About half of messages entered into ChatGPT fall under the category of “asking,” which it classifies as “seeking information or clarification to inform a decision,” according to a recent study by OpenAI, the developer of ChatGPT. Sam Altman, the CEO of OpenAI, noted that this trend is most pronounced among younger users.

“They don’t really make life decisions without asking ChatGPT what they should do,” Altman said at a talk at Sequoia Capital’s AI Ascent event in May, referring to users in their 20s and 30s. “It has the full context on every person in their life and what they’ve talked about.” (OpenAI did not respond to a request for comment.)

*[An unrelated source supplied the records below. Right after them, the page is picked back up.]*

(* Let $d\ge2$, let $D\subset\mathbb{R}^d$ be open and connected, and let $S_1,\dots,S_N\subset\mathbb{R}^d$ ($N\ge1$) be closed bounded sets. Suppose that one of the following holds: (i) there is an upper semicontinuous function $g:\mathbb{R}^{d-1}\to\mathbb{R}$ with $D=\{(x_1,\dots,x_d):x_1>g(x_2,\dots,x_d)\}$, and all $S_k$ are convex; or (ii) $D=\{(x_1,\dots,x_d):x_1>0,\ x_2^2+\dots+x_d^2<1\}$, each $S_k$ is a (closed) ball, and the diameter $\rho_k$ of $S_k$ satisfies $\rho_k<1$ for $k=1,\dots,N$. Then the configuration space ${\bf D}$ is pathwise connected.
   Context: For $y\in\mathbb{R}^d$ write $S_k(y)=S_k+y$. The configuration space ${\bf D}\subset\mathbb{R}^{Nd}$ is the set of all ${\bf x}=(x^1,\dots,x^N)$, $x^k\in\mathbb{R}^d$, such that $S_k(x^k)\subset D$ for all $k=1,\dots,N$ and $S_j(x^j)\cap S_k(x^k)=\emptyset$ for all $j\neq k$. *)

theory Defs
  imports "HOL-Analysis.Analysis"
begin

text \<open>Points of R^d are modelled as pairs (x1, x') in real \<times> 'b, where 'b is a
Euclidean space of dimension d-1 \<ge> 1 (so d \<ge> 2).  The N bodies are indexed by
a finite type 'n; a configuration is a vector in (real \<times> 'b)^'n = R^(Nd).\<close>

definition upper_semicontinuous :: "('a::topological_space \<Rightarrow> real) \<Rightarrow> bool" where
  "upper_semicontinuous g \<longleftrightarrow> (\<forall>c. open {y. g y < c})"

definition translate :: "'a::real_vector set \<Rightarrow> 'a \<Rightarrow> 'a set" where
  "translate S y = (\<lambda>s. s + y) ` S"

definition config_space ::
  "'a::real_vector set \<Rightarrow> ('n::finite \<Rightarrow> 'a set) \<Rightarrow> ('a ^ 'n) set" where
  "config_space D S = {x. (\<forall>k. translate (S k) (x $ k) \<subseteq> D) \<and>
      (\<forall>j k. j \<noteq> k \<longrightarrow> translate (S j) (x $ j) \<inter> translate (S k) (x $ k) = {})}"

end

theory Submission
  imports Defs
begin

text \<open>Track a reference point in each body. In both cases any configuration can be moved,
  inside the configuration space, to one whose reference points lie in a high half-cylinder
  and are pairwise further apart than the bodies are large. For convex bodies above a graph:
  lift everything far up, then spread the reference points out by a homothety, which keeps
  convex bodies disjoint. For balls in the half-tube: push the balls along the axis by amounts
  compatible with the order of their heights, so that no two come closer and the heights end
  up well separated, and then slide every centre onto the axis.
  Configurations of the target kind lie in the configuration space and form a path-connected
  set: after separating the heights the same way, the points can be sorted into a fixed order
  by letting them pass each other on opposite sides of the cylinder, which is wide enough
  for two bodies side by side.\<close>

lemma path_component_segmentI:
  fixes a v :: "'a::real_normed_vector"
  assumes "\<And>t. 0 \<le> t \<Longrightarrow> t \<le> 1 \<Longrightarrow> a + t *\<^sub>R v \<in> S"
  shows "path_component S a (a + v)"
proof (rule path_component_linepath, rule subsetI)
  fix p assume "p \<in> closed_segment a (a + v)"
  then obtain t where "0 \<le> t" "t \<le> 1" "p = a + t *\<^sub>R v"
    unfolding closed_segment_def by (auto simp: algebra_simps)
  then show "p \<in> S" using assms by blast
qed

lemma path_component_preimage_translation:
  fixes c :: "'a::real_normed_vector"
  assumes "path_component P (x + c) y"
  shows "path_component {z. z + c \<in> P} x (y - c)"
proof -
  obtain g where "path g" "path_image g \<subseteq> P" "pathstart g = x + c" "pathfinish g = y"
    using assms unfolding path_component_def by blast
  then show ?thesis
    unfolding path_component_def
    by (intro exI[of _ "\<lambda>t. g t - c"])
       (auto simp: path_def pathstart_def pathfinish_def path_image_def intro!: continuous_intros)
qed

lemma path_connected_preimage_translation:
  fixes c :: "'a::real_normed_vector"
  assumes "path_connected P"
  shows "path_connected {z. z + c \<in> P}"
proof -
  have "{z. z + c \<in> P} = (\<lambda>z. z - c) ` P"
    by (auto simp: image_iff) (metis add_diff_cancel)
  then show ?thesis
    using assms by (auto intro!: path_connected_continuous_image continuous_intros)
qed

lemma path_component_via_path_connected_subset:
  assumes "G \<subseteq> X" "path_connected G" "x' \<in> G" "y' \<in> G"
    and "path_component X x x'" "path_component X y y'"
  shows "path_component X x y"
proof -
  have "path_component X x' y'"
    using assms(1-4) path_component_of_subset path_connected_component by blast
  then show ?thesis using assms(5,6) by (meson path_component_sym path_component_trans)
qed

lemma path_connected_if_reaches_subset:
  assumes "G \<subseteq> X" "path_connected G" "\<And>x. x \<in> X \<Longrightarrow> \<exists>y\<in>G. path_component X x y"
  shows "path_connected X"
  unfolding path_connected_component
  using assms path_component_via_path_connected_subset[OF assms(1,2)] by metis

lemma dist_le_dist_add_fst:
  fixes a b :: "real \<times> 'b::real_normed_vector"
  assumes "0 \<le> (fst a - fst b) * (s - t)"
  shows "dist a b \<le> dist (a + (s, 0)) (b + (t, 0))"
proof -
  have "(fst a + s - (fst b + t))\<^sup>2 = (fst a - fst b)\<^sup>2 + 2 * ((fst a - fst b) * (s - t)) + (s - t)\<^sup>2"
    by (simp add: power2_eq_square algebra_simps)
  then have "(fst a - fst b)\<^sup>2 \<le> (fst a + s - (fst b + t))\<^sup>2"
    using assms by simp
  then show ?thesis
    by (cases a, cases b) (simp add: dist_Pair_Pair dist_real_def)
qed

lemma norm_snd_le_norm: "norm (snd p) \<le> norm p"
  by (metis norm_snd_le prod.collapse)

lemma dist_gt_if_coordinate_gt:
  fixes a b :: "real \<times> 'b::real_normed_vector"
  assumes "r < \<bar>fst a - fst b\<bar> \<or> r < norm (snd a - snd b)"
  shows "r < dist a b"
  using assms dist_fst_le[of a b] dist_snd_le[of a b] by (auto simp: dist_real_def dist_norm)

lemma abs_add_scaled_ge:
  fixes a b T :: real
  assumes "0 \<le> a * b" "1 \<le> \<bar>b\<bar>" "0 \<le> T"
  shows "T \<le> \<bar>a + T * b\<bar>"
proof -
  have "T \<le> T * \<bar>b\<bar>" using assms(2,3) by (simp add: mult_le_cancel_left1)
  also have "T * \<bar>b\<bar> \<le> \<bar>a + T * b\<bar>"
    using assms by (auto simp: abs_if zero_le_mult_iff mult_less_0_iff)
  finally show ?thesis .
qed

lemma exists_rank_weights:
  fixes f :: "'n::finite \<Rightarrow> real"
  obtains w :: "'n \<Rightarrow> real" where "\<And>k. 1 \<le> w k"
    and "\<And>j k. 0 \<le> (f j - f k) * (w j - w k)" and "\<And>j k. j \<noteq> k \<Longrightarrow> 1 \<le> \<bar>w j - w k\<bar>"
proof -
  obtain idx :: "'n \<Rightarrow> nat" where idx: "bij_betw idx UNIV {0..<CARD('n)}"
    using ex_bij_betw_finite_nat[of "UNIV :: 'n set"] by auto
  define below where "below k = card {j. f j < f k}" for k
  define w where "w k = real (CARD('n) * below k + idx k) + 1" for k
  have idx_bound: "idx k < CARD('n)" for k using idx by (auto simp: bij_betw_def)
  have less: "w j + 1 \<le> w k" if "f j < f k" for j k
  proof -
    have "{i. f i < f j} \<subset> {i. f i < f k}" using that by auto
    then have "Suc (below j) \<le> below k" unfolding below_def by (simp add: psubset_card_mono Suc_leI)
    then have "CARD('n) * below j + CARD('n) \<le> CARD('n) * below k"
      by (metis add.commute mult_Suc_right mult_le_mono2)
    then show ?thesis unfolding w_def using idx_bound[of j] by linarith
  qed
  have tie: "1 \<le> \<bar>w j - w k\<bar>" if "f j = f k" "j \<noteq> k" for j k
  proof -
    have "idx j \<noteq> idx k" using idx that(2) by (auto simp: bij_betw_def dest: injD)
    then show ?thesis using that(1) unfolding w_def below_def by auto
  qed
  show thesis
  proof
    show "1 \<le> w k" for k unfolding w_def by simp
    show "0 \<le> (f j - f k) * (w j - w k)" for j k
      by (cases "f j" "f k" rule: linorder_cases)
         (use less[of j k] less[of k j] in \<open>auto intro: mult_nonpos_nonpos\<close>)
    show "1 \<le> \<bar>w j - w k\<bar>" if "j \<noteq> k" for j k
      by (cases "f j" "f k" rule: linorder_cases) (use less[of j k] less[of k j] tie that in auto)
  qed
qed

lemma exists_spacing_push:
  fixes f :: "'n::finite \<Rightarrow> real"
  assumes "0 \<le> T"
  obtains w where "\<And>k. T \<le> w k" and "\<And>j k. 0 \<le> (f j - f k) * (w j - w k)"
    and "\<And>j k. j \<noteq> k \<Longrightarrow> T \<le> \<bar>(f j + w j) - (f k + w k)\<bar>"
proof -
  obtain \<rho> where \<rho>: "\<And>k. 1 \<le> \<rho> k" "\<And>j k. 0 \<le> (f j - f k) * (\<rho> j - \<rho> k)"
    "\<And>j k. j \<noteq> k \<Longrightarrow> 1 \<le> \<bar>\<rho> j - \<rho> k\<bar>"
    using exists_rank_weights[of f] by metis
  show thesis
  proof
    show "T \<le> T * \<rho> k" for k using \<rho>(1)[of k] assms by (simp add: mult_le_cancel_left1)
    show "0 \<le> (f j - f k) * (T * \<rho> j - T * \<rho> k)" for j k
    proof -
      have "0 \<le> T * ((f j - f k) * (\<rho> j - \<rho> k))" using \<rho>(2)[of j k] assms by simp
      also have "\<dots> = (f j - f k) * (T * \<rho> j - T * \<rho> k)" by (simp add: algebra_simps)
      finally show ?thesis .
    qed
    show "T \<le> \<bar>(f j + T * \<rho> j) - (f k + T * \<rho> k)\<bar>" if "j \<noteq> k" for j k
    proof -
      have "T \<le> \<bar>(f j - f k) + T * (\<rho> j - \<rho> k)\<bar>"
        using abs_add_scaled_ge[OF \<rho>(2) \<rho>(3)[OF that] assms] .
      also have "(f j - f k) + T * (\<rho> j - \<rho> k) = (f j + T * \<rho> j) - (f k + T * \<rho> k)"
        by (simp add: algebra_simps)
      finally show ?thesis .
    qed
  qed
qed

section \<open>Configurations of points\<close>

text \<open>Indices outside \<open>K\<close> will stand for empty bodies, which impose no constraint.\<close>

definition point_configs ::
  "'n set \<Rightarrow> ('n \<Rightarrow> 'a set) \<Rightarrow> ('n \<Rightarrow> 'n \<Rightarrow> real) \<Rightarrow> ('a::metric_space ^ 'n::finite) set" where
  "point_configs K U \<delta> = {A. (\<forall>k\<in>K. A $ k \<in> U k) \<and>
      (\<forall>j\<in>K. \<forall>k\<in>K. j \<noteq> k \<longrightarrow> \<delta> j k < dist (A $ j) (A $ k))}"

lemma point_configsI:
  assumes "\<And>k. k \<in> K \<Longrightarrow> A $ k \<in> U k"
    and "\<And>j k. j \<in> K \<Longrightarrow> k \<in> K \<Longrightarrow> j \<noteq> k \<Longrightarrow> \<delta> j k < dist (A $ j) (A $ k)"
  shows "A \<in> point_configs K U \<delta>"
  using assms unfolding point_configs_def by auto

lemma point_configsD:
  assumes "A \<in> point_configs K U \<delta>"
  shows "k \<in> K \<Longrightarrow> A $ k \<in> U k"
    and "j \<in> K \<Longrightarrow> k \<in> K \<Longrightarrow> j \<noteq> k \<Longrightarrow> \<delta> j k < dist (A $ j) (A $ k)"
  using assms unfolding point_configs_def by auto

lemma point_configs_mono:
  assumes "\<And>k. k \<in> K \<Longrightarrow> U k \<subseteq> U' k"
  shows "point_configs K U \<delta> \<subseteq> point_configs K U' \<delta>"
  using assms unfolding point_configs_def by auto

lemma path_component_point_configs_push_up:
  fixes A :: "(real \<times> 'b::real_normed_vector) ^ 'n::finite"
  assumes A: "A \<in> point_configs K U \<delta>"
    and up: "\<And>k p s. k \<in> K \<Longrightarrow> p \<in> U k \<Longrightarrow> 0 \<le> s \<Longrightarrow> p + (s, 0) \<in> U k"
    and w: "\<And>k. 0 \<le> w k" "\<And>j k. 0 \<le> (fst (A $ j) - fst (A $ k)) * (w j - w k)"
  shows "path_component (point_configs K U \<delta>) A (A + (\<chi> k. (w k, 0)))"
proof (rule path_component_segmentI)
  fix t :: real assume t: "0 \<le> t" "t \<le> 1"
  have "(\<chi> k. A $ k + (t * w k, 0)) \<in> point_configs K U \<delta>"
  proof (intro point_configsI, unfold vec_lambda_beta)
    fix k assume "k \<in> K"
    then show "A $ k + (t * w k, 0) \<in> U k"
      using t w(1)[of k] by (intro up point_configsD(1)[OF A]) auto
  next
    fix j k assume jk: "j \<in> K" "k \<in> K" "j \<noteq> k"
    have "0 \<le> t * ((fst (A $ j) - fst (A $ k)) * (w j - w k))"
      using t w(2)[of j k] by simp
    also have "\<dots> = (fst (A $ j) - fst (A $ k)) * (t * w j - t * w k)"
      by (simp add: algebra_simps)
    finally have "dist (A $ j) (A $ k) \<le> dist (A $ j + (t * w j, 0)) (A $ k + (t * w k, 0))"
      by (rule dist_le_dist_add_fst)
    then show "\<delta> j k < dist (A $ j + (t * w j, 0)) (A $ k + (t * w k, 0))"
      using point_configsD(2)[OF A jk] by linarith
  qed
  moreover have "A + t *\<^sub>R (\<chi> k. (w k, 0)) = (\<chi> k. A $ k + (t * w k, 0))"
    by (simp add: vec_eq_iff)
  ultimately show "A + t *\<^sub>R (\<chi> k. (w k, 0)) \<in> point_configs K U \<delta>" by simp
qed

lemma path_component_point_configs_same_heights:
  fixes A B :: "(real \<times> 'b::real_normed_vector) ^ 'n::finite"
  assumes conv: "\<And>k. k \<in> K \<Longrightarrow> convex (U k)"
    and mem: "\<And>k. k \<in> K \<Longrightarrow> A $ k \<in> U k" "\<And>k. k \<in> K \<Longrightarrow> B $ k \<in> U k"
    and heights: "\<And>k. fst (B $ k) = fst (A $ k)"
    and spaced: "\<And>j k. j \<in> K \<Longrightarrow> k \<in> K \<Longrightarrow> j \<noteq> k \<Longrightarrow> \<delta> j k < \<bar>fst (A $ j) - fst (A $ k)\<bar>"
  shows "path_component (point_configs K U \<delta>) A B"
proof -
  have "path_component (point_configs K U \<delta>) A (A + (B - A))"
  proof (rule path_component_segmentI)
    fix t :: real assume t: "0 \<le> t" "t \<le> 1"
    have "(\<chi> k. (1 - t) *\<^sub>R A $ k + t *\<^sub>R B $ k) \<in> point_configs K U \<delta>"
    proof (intro point_configsI, unfold vec_lambda_beta)
      fix k assume "k \<in> K"
      then show "(1 - t) *\<^sub>R A $ k + t *\<^sub>R B $ k \<in> U k"
        using conv mem t by (intro convexD_alt) auto
    next
      fix j k assume jk: "j \<in> K" "k \<in> K" "j \<noteq> k"
      have "fst ((1 - t) *\<^sub>R A $ i + t *\<^sub>R B $ i) = fst (A $ i)" for i
        using heights[of i] by (simp add: algebra_simps)
      then have "\<bar>fst (A $ j) - fst (A $ k)\<bar>
          \<le> dist ((1 - t) *\<^sub>R A $ j + t *\<^sub>R B $ j) ((1 - t) *\<^sub>R A $ k + t *\<^sub>R B $ k)"
        by (metis dist_fst_le dist_real_def)
      then show "\<delta> j k < dist ((1 - t) *\<^sub>R A $ j + t *\<^sub>R B $ j) ((1 - t) *\<^sub>R A $ k + t *\<^sub>R B $ k)"
        using spaced[OF jk] by linarith
    qed
    moreover have "A + t *\<^sub>R (B - A) = (\<chi> k. (1 - t) *\<^sub>R A $ k + t *\<^sub>R B $ k)"
      by (simp add: vec_eq_iff algebra_simps)
    ultimately show "A + t *\<^sub>R (B - A) \<in> point_configs K U \<delta>" by simp
  qed
  then show ?thesis by simp
qed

But it’s not just young people who are turning to AI in this way. Mike Brown of Kansas City, Missouri, was in his early 50s when, in 2023, he decided to confide in a chatbot for advice on what to do about his marriage of 36 years. Although his friends, priest and marriage counselor all advised that he file for divorce, it wasn’t until he had a 30-minute conversation with Pi.ai, an interactive chatbot launched that same year , that he says he felt sure of his decision.

“I need to play these thoughts through and need affirmation that this really is the direction,” Brown says, noting that he trusted the chatbot to give him a “credible” view on the situation.

Léonard Boussioux, a professor at University of Washington Foster School of Business who researches how human-AI collaboration can improve decision-making, says he understands why people are turning to AI in this way. It’s available 24/7, can provide answers much quicker than most humans, and can be seen to be more objective too.

“AI tends to be more diplomatic,” Boussioux says, whereas “humans tend to be very opinionated, especially with personal advice.”

However, Boussioux warns that because most AI models “tend to be sycophantic,” they may not be as concerned with giving the best advice as they are with pleasing the user. “They've been trained to be pleasing the user because if you please the user, then the user comes back,” he adds.

This was the case with Moran, who says she was surprised by how ChatGPT spoke like a friend, telling her things like, “You deserve someone who reassures you — not someone whose silence makes you spiral.”

None of those who spoke with Reuters say they regret relying on AI for decision-making. For Brown, it acted as a “passionate, neutral observer.” For Moran, it was akin to a “best friend.” Neis, meanwhile, says it helped her realize what she wanted.

Still, Boussioux offers a note of caution, warning that offloading our decision-making to AI runs the risk of dulling our own problem-solving skills. "I would say take a step back and reflect on the beauty of having to make decisions ourselves,” he says, “and to make sure that we are also doing the thinking.”